Epicuro

"Haec, inquit, ego non multis, sed tibi; satis enim magnum alter alteri theatrum sumus. "
Epicuro

"Cerca de mi no hay más que lejanias."
Antonio Porchia

septiembre 10, 2025

Antilecturas: el arte de volver a leer cuando el alma ya sabe escuchar

 


“La lectura no es obligatoria. Puedo preguntarle a un chico: ‘¿Y tú por qué no lees?’ Y él podrá decir: ‘No, no me gusta’. Y yo le diré: ‘¿No te das cuenta de lo que te estás perdiendo?’ Pero imaginemos que ese chico es un buceador y que me contesta: ‘¿Y usted no se da cuenta de lo que se está perdiendo por no bucear?’ Y tiene razón.” —José Saramago

 

Umberto Eco tenía una biblioteca de más de treinta mil libros. A quienes le preguntaban cuántos había leído, respondía con una sonrisa que no buscaba impresionar. Lo importante no eran los libros leídos, sino los no leídos. Esa acumulación de saber pendiente, de promesas por cumplir, la llamó antibiblioteca. No como monumento al ego, sino como recordatorio de lo que aún no sabemos, de lo que aún no somos capaces de entender.

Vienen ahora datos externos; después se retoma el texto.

theorem mainTheorem9:
  fixes q :: "'k::field" and \<phi> :: "'k \<Rightarrow> 'a::ring_1"
  assumes q0: "q \<noteq> 0" and q2: "1 + q ^ 2 \<noteq> 0" and alg: "k_alg \<phi>"
  shows
    \<comment> \<open>R_Omega is superizable w.r.t. p(1)=0, p(2)=1\<close>
    "superizable pOm (ROm q)
     \<comment> \<open>presentation of A(underline R_Omega): the super FRT relations are equivalent to the listed ones\<close>
   \<and> (\<forall>\<alpha> \<beta> \<gamma> \<delta> :: 'a.
        FRT \<phi> pOm (Rsup pOm (ROm q)) (umat \<alpha> \<beta> \<gamma> \<delta>) \<longleftrightarrow> omega_rels \<phi> q \<alpha> \<beta> \<gamma> \<delta>)
     \<comment> \<open>the grading with alpha, delta even and beta, gamma odd is compatible with the relations\<close>
   \<and> (\<forall>\<alpha> \<beta> \<gamma> \<delta> :: 'a. omega_rels \<phi> q \<alpha> \<beta> \<gamma> \<delta> \<longrightarrow> omega_rels \<phi> q \<alpha> (-\<beta>) (-\<gamma>) \<delta>)
     \<comment> \<open>counit epsilon(u) = id is well defined\<close>
   \<and> omega_rels (\<lambda>x. x) q (1::'k) 0 0 1
     \<comment> \<open>super-coproduct Delta u = u \<otimes> u into the graded tensor product is well defined\<close>
   \<and> (\<forall>u v :: nat \<Rightarrow> nat \<Rightarrow> 'a.
        omega_rels \<phi> q (u 1 1) (u 1 2) (u 2 1) (u 2 2) \<and>
        omega_rels \<phi> q (v 1 1) (v 1 2) (v 2 1) (v 2 2) \<and> supercomm pOm u v \<longrightarrow>
        omega_rels \<phi> q (mmul u v 1 1) (mmul u v 1 2) (mmul u v 2 1) (mmul u v 2 2))
     \<comment> \<open>GL^Omega_q(1|1): antipode and super-determinant\<close>
   \<and> (\<forall>\<alpha> \<beta> \<gamma> \<delta> ai di :: 'a.
        omega_rels \<phi> q \<alpha> \<beta> \<gamma> \<delta> \<and> is_inv \<alpha> ai \<and> is_inv \<delta> di \<longrightarrow>
          is_id2 (mmul (Smat \<alpha> \<beta> \<gamma> \<delta> ai di) (umat \<alpha> \<beta> \<gamma> \<delta>))
        \<and> is_id2 (mmul (umat \<alpha> \<beta> \<gamma> \<delta>) (Smat \<alpha> \<beta> \<gamma> \<delta> ai di))
        \<and> FRT_sop \<phi> pOm (Rsup pOm (ROm q)) (Smat \<alpha> \<beta> \<gamma> \<delta> ai di)
        \<and> (\<exists>x. is_inv (Smat \<alpha> \<beta> \<gamma> \<delta> ai di 1 1) x)
        \<and> (\<exists>x. is_inv (Smat \<alpha> \<beta> \<gamma> \<delta> ai di 2 2) x)
        \<and> (\<forall>x\<in>{\<alpha>, \<beta>, \<gamma>, \<delta>}. sdet \<alpha> \<beta> \<gamma> \<delta> di * x = x * sdet \<alpha> \<beta> \<gamma> \<delta> di)
        \<and> sdet \<alpha> (-\<beta>) (-\<gamma>) \<delta> di = sdet \<alpha> \<beta> \<gamma> \<delta> di)
     \<comment> \<open>localized coproduct is well defined and the super-determinant is group-like\<close>
   \<and> sdet (1::'a) 0 0 1 1 = 1
   \<and> (\<forall>(u :: nat \<Rightarrow> nat \<Rightarrow> 'a) v ai1 di1 ai2 di2.
        omega_rels \<phi> q (u 1 1) (u 1 2) (u 2 1) (u 2 2) \<and> is_inv (u 1 1) ai1 \<and> is_inv (u 2 2) di1 \<and>
        omega_rels \<phi> q (v 1 1) (v 1 2) (v 2 1) (v 2 2) \<and> is_inv (v 1 1) ai2 \<and> is_inv (v 2 2) di2 \<and>
        supercomm pOm u v \<longrightarrow>
          (\<exists>x. is_inv (mmul u v 1 1) x) \<and> (\<exists>x. is_inv (mmul u v 2 2) x)
        \<and> (\<forall>x. is_inv (mmul u v 2 2) x \<longrightarrow>
              sdet (mmul u v 1 1) (mmul u v 1 2) (mmul u v 2 1) (mmul u v 2 2) x
              = sdet (u 1 1) (u 1 2) (u 2 1) (u 2 2) di1 * sdet (v 1 1) (v 1 2) (v 2 1) (v 2 2) di2))"
proof -
  interpret Omega_setting q \<phi> using q0 q2 alg by unfold_locales
  have "superizable pOm (ROm q)" by (auto simp: superizable_def ROm_def pOm_def)
  moreover have "omega_rels \<phi> q \<alpha> (- \<beta>) (- \<gamma>) \<delta>" if "omega_rels \<phi> q \<alpha> \<beta> \<gamma> \<delta>" for \<alpha> \<beta> \<gamma> \<delta>
    using that by (simp add: omega_rels_def)
  moreover have "omega_rels (\<lambda>x. x) q (1::'k) 0 0 1" by (simp add: omega_rels_def)
  moreover have "sdet \<alpha> (- \<beta>) (- \<gamma>) \<delta> di = sdet \<alpha> \<beta> \<gamma> \<delta> di" for \<alpha> \<beta> \<gamma> \<delta> di :: 'a
    by (simp add: sdet_def)
  moreover have "sdet (1::'a) 0 0 1 1 = 1" by (simp add: sdet_def)
  ultimately show ?thesis
    using FRT_iff_omega_rels coproduct_omega_rels antipode_properties sdet_group_like
    by auto
qed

Pero hay otra forma de no saber: la de haber leído sin comprender, sin sentir, sin estar presente. A eso podríamos llamar antilectura. No es ignorancia, es premura. No es olvido, es falta de escucha. Es el momento en que el texto nos habló, pero nosotros no supimos responder. Mi padre leía El Quijote, que digo: decía, de memoria, capítulos enteros; jamás presumía de sus lecturas y sus libros, pocos, los dejaba por ahí, para que quien quisiera los tomara.

Ayer fui un rato a la feria del libro de la Universidad de Caldas. El evento se celebra en una edificación sin terminar, diseñada por Rogelio Salmona, donde el ladrillo rojo conversa con el viento y las formas abiertas invitan al pensamiento. Manizales, ciudad en las alturas de los Andes, ofrece sus vientos fríos, sus atardeceres dorados, y el olor a café que impregna todos los rincones como una memoria que no se quiere ir.

Caminé como un ángel —digo por lo invisible— entre decenas de personas: los muy jóvenes, los muy mayores, los de tatuajes y peinados extraños, los vestidos de negro hasta los pies, los que aún creen en algo, aunque no sepan en qué; los de canas y andar cansino, que bien pueden estar para matar el tiempo, los que se sientan un rato a escuchar a una escritora anónima leer fragmentos de una novela que nadie, salvo ella, conoce. Eso sí, cada uno pegado a su móvil. Nadie ve a los ojos de nadie. Ni modo de intentar abrir una conversación. El hombre ha incorporado a sus miembros uno nuevo: el teléfono móvil, extensión de sus brazos, de su mente, de su vista, de su corazón y, como no, de su vida. La amabilidad persiste, sí, pero cada vez más distante, el saludo ya no sabe dónde posar la mirada.

Volví a casa con cuatro libros nuevos. Rondarán por ahí, de mesa en mesa, de silla en silla, de balcón en balcón, esperando ser abiertos por cualquier parte para respirar y ver el sol. Los libros no son meros objetos, sienten. Además, me gusta el olor de los libros nuevos, el descubrimiento de lo que apenas se asoma en las contratapas.  

Eso que llamo  antilecturas  sería esas cosas mal leídas, que es necesario retomar para descubrir lo que antes no se vio. Volver a ver. Regresar a El Enano de Pär Lagerkvist y descubrir que el mal no era un personaje, sino una sombra que nos habita. Abrir Siddhartha y entender que el río no habla en palabras, sino en ritmos. Reencontrarse con Demian y ver que el mundo interior no se conquista, se revela. Libros, a modo de ejemplo, que pasaron entonces por mis ojos, pero no por mi alma. Hoy son distintos: ellos me leen ellos a mí.

Las antilecturas nos enseñan que leer no es acumular, ni tener títulos como medallas. Es perderse. Es dejar que el texto nos transforme. Es aceptar que no entendimos, que no sentimos, que no vimos. Y es, sobre todo, la alegría de saber que podemos volver. Si, volver, porque cada libro tiene lugar, geografía, espacio.

Leer, cuando el alma sabe escuchar un poco mejor, es un acto de humildad. Es abrir el libro como quien abre una herida, como quien escucha el silencio. Faro y luna. Es saber que cada página tiene su hora, y que a veces hay que esperar décadas para que esa hora llegue.